WORK TO COMPLETE >> Set down exactly the stretch of lines below that opens at the line containing "(\<lambda>\<omega>. indicator (A" and continues through the last line of the entries, and nothing else.

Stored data

(*
  Take the three points 0, 1, 2 with the discrete metric of height D, where D powr alpha = h,
  the score s = L0 * h * [x = 2], a base distribution P0 with masses u, v, t, and the Dirac
  mass at 2 as the skill-augmented distribution. Every coupling of a Dirac mass with P0 is the
  product coupling, so the transport cost is h * (1 - t); the lift is L0 * h * (1 - t) = L0 * W
  for h = W / (1 - t), which exceeds the required bound.

  Both d(X, X') powr alpha and |s X - s X'| are two-valued, so their Spearman correlation is
  the phi coefficient of the nested events {X ~= X'} and {exactly one of X, X' equals 2}.
  With probabilities P = 1 - (u^2 + v^2 + t^2) and Q = 2 t (1 - t) it equals
  sqrt (Q (1 - P) / (P (1 - Q))). Taking t = rho^2 / 16 for rho = 1 - F and splitting 1 - t
  into u + v so that P = Q / (Q + rho^2 (1 - Q)) makes it rho, i.e. the metric freedom is F.
*)
theory Submission
  imports Defs
begin

section \<open>Spearman correlation of two-valued variables\<close>

definition phi_coefficient :: "real \<Rightarrow> real \<Rightarrow> real \<Rightarrow> real" where
  "phi_coefficient pAB pA pB = (pAB - pA * pB) / sqrt (pA * (1 - pA) * pB * (1 - pB))"

context prob_space
begin

lemma integrable_indicator_event [simp]: "A \<in> events \<Longrightarrow> integrable M (indicator A :: 'a \<Rightarrow> real)"
  by (simp add: emeasure_eq_measure)

lemma expectation_affine_indicator:
  assumes "A \<in> events"
  shows "expectation (\<lambda>\<omega>. a + b * indicator A \<omega>) = a + b * prob A"
  using assms by (simp add: prob_space)

lemma expectation_centered_indicators:
  assumes "A \<in> events" "B \<in> events"
  shows "expectation (\<lambda>\<omega>. (indicator A \<omega> - prob A) * (indicator B \<omega> - prob B))
       = prob (A \<inter> B) - prob A * prob B"
proof -
  have "(\<lambda>\<omega>. (indicator A \<omega> - prob A) * (indicator B \<omega> - prob B)) =
      (\<lambda>\<omega>. indicator (A \<inter> B) \<omega> - prob B * indicator A \<omega> - prob A * indicator B \<omega>
            + prob A * prob B :: real)"
    by (auto simp: fun_eq_iff algebra_simps split: split_indicator)
  then show ?thesis using assms by (simp add: prob_space)
qed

RESULT FOR THIS TASK >>
      (\<lambda>\<omega>. indicator (A \<inter> B) \<omega> - prob B * indicator A \<omega> - prob A * indicator B \<omega>
            + prob A * prob B :: real)"
    by (auto simp: fun_eq_iff algebra_simps split: split_indicator)
  then show ?thesis using assms by (simp add: prob_space)
qed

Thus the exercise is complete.